Speaking at a joint conference in Kyiv during the visit of NATO chief Jens Stoltenberg, Ukraine’s President Volodymyr Zelenskyy on Thursday said while he values the alliance’s support during the ongoing Russian aggression, he would want NATO to do more than just military and financial assistance. Stoltenberg during the presser on Thursday said that he supports Kyiv to become the the part of the defensive military Alliance, but added that the main focus at this time is to help Ukraine prevail in the face of Russian aggression.
“We need something more than the kind of relationship we are having now,” Ukraine’s President Zelenskyy said at the joint press conference.
“We will be in their alliance, we believe that is a guarantee of Ukraine’s security and a concrete guarantee,” he added.
An honour to be back in Kyiv & meet with President @ZelenskyyUa. #Ukraine‘s rightful place is in #NATO, and over time our support will help to make this possible. We stand by you today & for the long haul. pic.twitter.com/0vlKZNVY0F
— Jens Stoltenberg (@jensstoltenberg) April 20, 2023
Zelenskyy stated that while Kyiv awaits the membership of NATO and that it is yet not a member, “we want to have very specific guarantees of security approved in Vilnius, if there is an opportunity to do that then we will be ready on our side.” The Ukrainian President, however, did not elaborate on the type of guarantees that he sought for his country as the war continues unabated in the contentious eastern Donbass.
NATO has an open-door policy, implying that any country can submit an application to join the bloc but it is subject to approval by all of its 31 member states. Accession rules for the US-led military Alliance suggest that any member can veto the request if the applying nation fails to meet the set standards. This includes “demonstrating a functioning democratic political system based on a market economy” and “the fair treatment of minority populations,” according to the NATO website.

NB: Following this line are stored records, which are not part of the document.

locale simple_coloured_graph =
  fixes V :: "'v set" and E :: "'e set" and src tgt :: "'e \<Rightarrow> 'v"
    and w :: "'e \<Rightarrow> real" and col :: "'e \<Rightarrow> 'c" and M :: "'c set"
  assumes graph: "wc_graph V E src tgt w col M"
    and parallel_unique: "\<And>e e'. e \<in> E \<Longrightarrow> e' \<in> E \<Longrightarrow> src e = src e' \<Longrightarrow> tgt e = tgt e'
      \<Longrightarrow> col e = col e' \<Longrightarrow> e = e'"
begin

lemma weight_pos: "e \<in> E \<Longrightarrow> w e > 0"
  and tgt_in_V: "e \<in> E \<Longrightarrow> tgt e \<in> V"
  and colours: "col ` E = M"
  using graph by (auto simp: wc_graph_def)

lemma colour_weight_nonneg: "set xs \<subseteq> E \<Longrightarrow> 0 \<le> colour_weight w col c xs"
  unfolding colour_weight_def by (rule sum_list_nonneg) (auto dest: weight_pos intro: less_imp_le)

lemma path_le_append: "set ys \<subseteq> E \<Longrightarrow> path_le w col M xs (xs @ ys)"
  by (simp add: path_le_def colour_weight_append colour_weight_nonneg)

lemma weight_le_colour_weight:
  "e \<in> set xs \<Longrightarrow> set xs \<subseteq> E \<Longrightarrow> w e \<le> colour_weight w col (col e) xs"
proof (induction xs)
  case (Cons a xs)
  have "0 \<le> colour_weight w col (col e) xs" "0 \<le> w a"
    using Cons.prems by (auto intro: colour_weight_nonneg less_imp_le weight_pos)
  with Cons show ?case
    by (auto simp: colour_weight_append[of _ _ _ "[a]", simplified] colour_weight_single)
qed simp

lemma detour_strictly_worse:
  assumes "set (qa @ qb @ [e']) \<subseteq> E" "e \<in> E" "col e = col e'" "w e \<le> w e'" "qb \<noteq> []"
  shows "strictly_below w col M (qa @ [e]) (qa @ qb @ [e'])"
proof -
  have edge_le: "colour_weight w col c [e] \<le> colour_weight w col c [e']" for c
    using assms by (auto simp: colour_weight_single)
  have detour_nonneg: "0 \<le> colour_weight w col c qb" for c
    using assms by (intro colour_weight_nonneg) auto
  let ?c = "col (hd qb)"
  have hd_qb: "hd qb \<in> set qb" "hd qb \<in> E" using assms by auto
  have "0 < w (hd qb)" using hd_qb weight_pos by blast
  also have "\<dots> \<le> colour_weight w col ?c qb"
    using hd_qb assms by (intro weight_le_colour_weight) auto
  finally have "colour_weight w col ?c (qa @ [e]) < colour_weight w col ?c (qa @ qb @ [e'])"
    using edge_le[of ?c] by (simp add: colour_weight_append)
  moreover have "?c \<in> M" using hd_qb colours by auto
  moreover have "colour_weight w col c (qa @ [e]) \<le> colour_weight w col c (qa @ qb @ [e'])" for c
    using edge_le[of c] detour_nonneg[of c] by (simp add: colour_weight_append)
  ultimately show ?thesis by (auto simp: strictly_below_def path_le_def)
qed

end

section \<open>Entry colours\<close>

definition entry_colours :: "('e \<Rightarrow> 'v) \<Rightarrow> ('e \<Rightarrow> 'c) \<Rightarrow> 'e list \<Rightarrow> 'v \<rightharpoonup> 'c"
where
  "entry_colours tgt col p = map_of (map (\<lambda>e. (tgt e, col e)) p)"

lemma dom_entry_colours: "dom (entry_colours tgt col p) = tgt ` set p"
  by (simp add: entry_colours_def dom_map_of_conv_image_fst image_image)

lemma entry_colours_snoc:
  assumes "tgt e \<notin> tgt ` set p"
  shows "entry_colours tgt col (p @ [e]) = (entry_colours tgt col p)(tgt e \<mapsto> col e)"
proof -
  have "entry_colours tgt col p (tgt e) = None"
    using assms dom_entry_colours[of tgt col p] by blast
  then show ?thesis by (auto simp: entry_colours_def map_add_def split: option.split)
qed

lemma entry_colours_SomeD: "entry_colours tgt col p z = Some c \<Longrightarrow> c \<in> col ` set p"
  unfolding entry_colours_def by (force dest: map_of_SomeD)

lemma map_upd_cancel:
  assumes "f(a \<mapsto> b) = g(a \<mapsto> b')" "a \<notin> dom f" "a \<notin> dom g"
  shows "f = g" "b = b'"
proof -
  have "f = (f(a \<mapsto> b))(a := None)" "g = (g(a \<mapsto> b'))(a := None)"
    using assms(2,3) by (auto simp: domIff)
  then show "f = g" using assms(1) by simp
  show "b = b'" using fun_cong[OF assms(1), of a] by simp
qed

section \<open>Minimal paths are determined by their entry colours\<close>

context simple_coloured_graph
begin

text \<open>A proper prefix of a minimal path is minimal: a better path to the end of the prefix
  either avoids v and extends by the last edge, or passes through v and can be cut there.\<close>
lemma minimal_prefix:
  assumes m: "minimal_path E src tgt w col M u v (p @ [e])" and ne: "p \<noteq> []"
  shows "minimal_path E src tgt w col M u (src e) p"
proof -
  have P: "is_path E src tgt u v (p @ [e])" using m by (simp add: minimal_path_iff)
  have p_path: "is_path E src tgt u (src e) p"
    using is_path_prefix[OF P ne] is_path_snocD(6)[OF P] ne by simp
  have p_le: "path_le w col M p (p @ [e])"
    using is_path_snocD(1)[OF P] by (intro path_le_append) auto
  have better: "\<exists>r. is_path E src tgt u v r \<and> strictly_below w col M r (p @ [e])"
    if q: "is_path E src tgt u (src e) q" and below: "strictly_below w col M q p" for q
  proof (cases "v \<in> tgt ` set q")
    case False
    have "is_path E src tgt u (tgt e) (q @ [e])"
      using q False is_path_snocD(1,3)[OF P] is_path_ends_distinct[OF P]
      by (intro is_path_snoc) auto
    then show ?thesis using strictly_below_snoc[OF below] is_path_snocD(3)[OF P] by auto
  next
    case True
    then obtain qa qb where qs: "q = qa @ qb" "qa \<noteq> []" "tgt (last qa) = v"
      by (rule split_at_vertex)
    have "is_path E src tgt u v qa" using is_path_prefix[of E src tgt u _ qa qb] q qs by simp
    moreover have "path_le w col M qa q"
      using q qs by (auto simp: is_path_iff intro: path_le_append)
    ultimately show ?thesis using strictly_below_mono[OF _ below p_le] by blast
  qed
  show ?thesis using m p_path better by (auto simp: minimal_path_iff)
qed

lemma shortcut_not_minimal:
  assumes q: "is_path E src tgt u v (q @ [e'])" and e: "e \<in> E" "tgt e = v"
    and ne: "src e \<noteq> src e'" and on_q: "src e \<in> insert u (tgt ` set q)"
    and same_colour: "col e = col e'" and lighter: "w e \<le> w e'"
  shows "\<not> minimal_path E src tgt w col M u v (q @ [e'])"
proof -
  obtain qa qb where qs: "q = qa @ qb" "qb \<noteq> []" and r: "is_path E src tgt u v (qa @ [e])"
    using path_shortcut[OF q e ne on_q] by blast
  have "strictly_below w col M (qa @ [e]) (qa @ qb @ [e'])"
    using is_path_snocD(1,2)[OF q] qs e same_colour lighter
    by (intro detour_strictly_worse) auto
  then show ?thesis using r qs by (auto simp: minimal_path_iff)
qed

lemma minimal_paths_same_last_edge:
  assumes mp: "minimal_path E src tgt w col M u v (p @ [e])"
    and mq: "minimal_path E src tgt w col M u v (q @ [e'])"
    and same: "entry_colours tgt col (p @ [e]) = entry_colours tgt col (q @ [e'])"
  shows "e = e'" "entry_colours tgt col p = entry_colours tgt col q"
proof -
  have P: "is_path E src tgt u v (p @ [e])" and Q: "is_path E src tgt u v (q @ [e'])"
    using mp mq by (simp_all add: minimal_path_iff)
  have "(entry_colours tgt col p)(v \<mapsto> col e) = (entry_colours tgt col q)(v \<mapsto> col e')"
    using same is_path_snocD(3,5)[OF P] is_path_snocD(3,5)[OF Q] by (simp add: entry_colours_snoc)
  then have prefix: "entry_colours tgt col p = entry_colours tgt col q"
    and same_colour: "col e = col e'"
    using map_upd_cancel is_path_snocD(5)[OF P] is_path_snocD(5)[OF Q] dom_entry_colours
    by metis+
  have same_vertices: "tgt ` set p = tgt ` set q" using prefix dom_entry_colours by metis
  have "src e = src e'"
  proof (rule ccontr)
    assume ne: "src e \<noteq> src e'"
    show False
    proof (cases "w e \<le> w e'")
      case True
      then show False
        using shortcut_not_minimal[OF Q _ _ ne] is_path_snocD(1,3)[OF P] mq
          is_path_snoc_src[OF P] same_vertices same_colour by auto
    next
      case False
      then show False
        using shortcut_not_minimal[OF P _ _ ne[symmetric]] is_path_snocD(1,3)[OF Q] mp
          is_path_snoc_src[OF Q] same_vertices same_colour by auto
    qed
  qed
  then show "e = e'"
    using parallel_unique is_path_snocD(1,3)[OF P] is_path_snocD(1,3)[OF Q] same_colour by auto
  show "entry_colours tgt col p = entry_colours tgt col q" by (rule prefix)
qed

lemma minimal_path_entry_colours_inj:
  "minimal_path E src tgt w col M u v p \<Longrightarrow> minimal_path E src tgt w col M u v q
   \<Longrightarrow> entry_colours tgt col p = entry_colours tgt col q \<Longrightarrow> p = q"
proof (induction p arbitrary: v q rule: rev_induct)
  case Nil
  then show ?case by (simp add: minimal_path_iff is_path_iff)
next
  case (snoc e p)
  have "q \<noteq> []" using snoc.prems(2) by (simp add: minimal_path_iff is_path_iff)
  then obtain q' e' where q: "q = q' @ [e']" by (metis rev_exhaust)
  have last: "e = e'" and prefix: "entry_colours tgt col p = entry_colours tgt col q'"
    using minimal_paths_same_last_edge snoc.prems q by blast+
  have "tgt ` set p = tgt ` set q'" using prefix dom_entry_colours by metis
  then consider "p = []" "q' = []" | "p \<noteq> []" "q' \<noteq> []" by fastforce
  then show ?case
  proof cases
    case 1
    then show ?thesis using q last by simp
  next
    case 2
    have "p = q'"
      using snoc.IH[OF minimal_prefix minimal_prefix prefix] snoc.prems q last 2 by simp
    then show ?thesis using q last by simp
  qed
qed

Ukraine has not yet been incorporated into the bloc as it is at war with Russia. This would mean immediate invocation of Article 5, dragging the Defense Alliance into direct confrontation with Moscow’s forces. Article 5 of the NATO treaty states that an attack on one member is an attack on all, and obligates the entire alliance to come to the attacked country’s aid. On Zelenskyy’s request, Stoltenberg said Ukraine’s NATO membership and security guarantees will be “high on the agenda” during the summit scheduled for July in the Lithuanian capital of Vilnius. He, however, did not comment on the accession.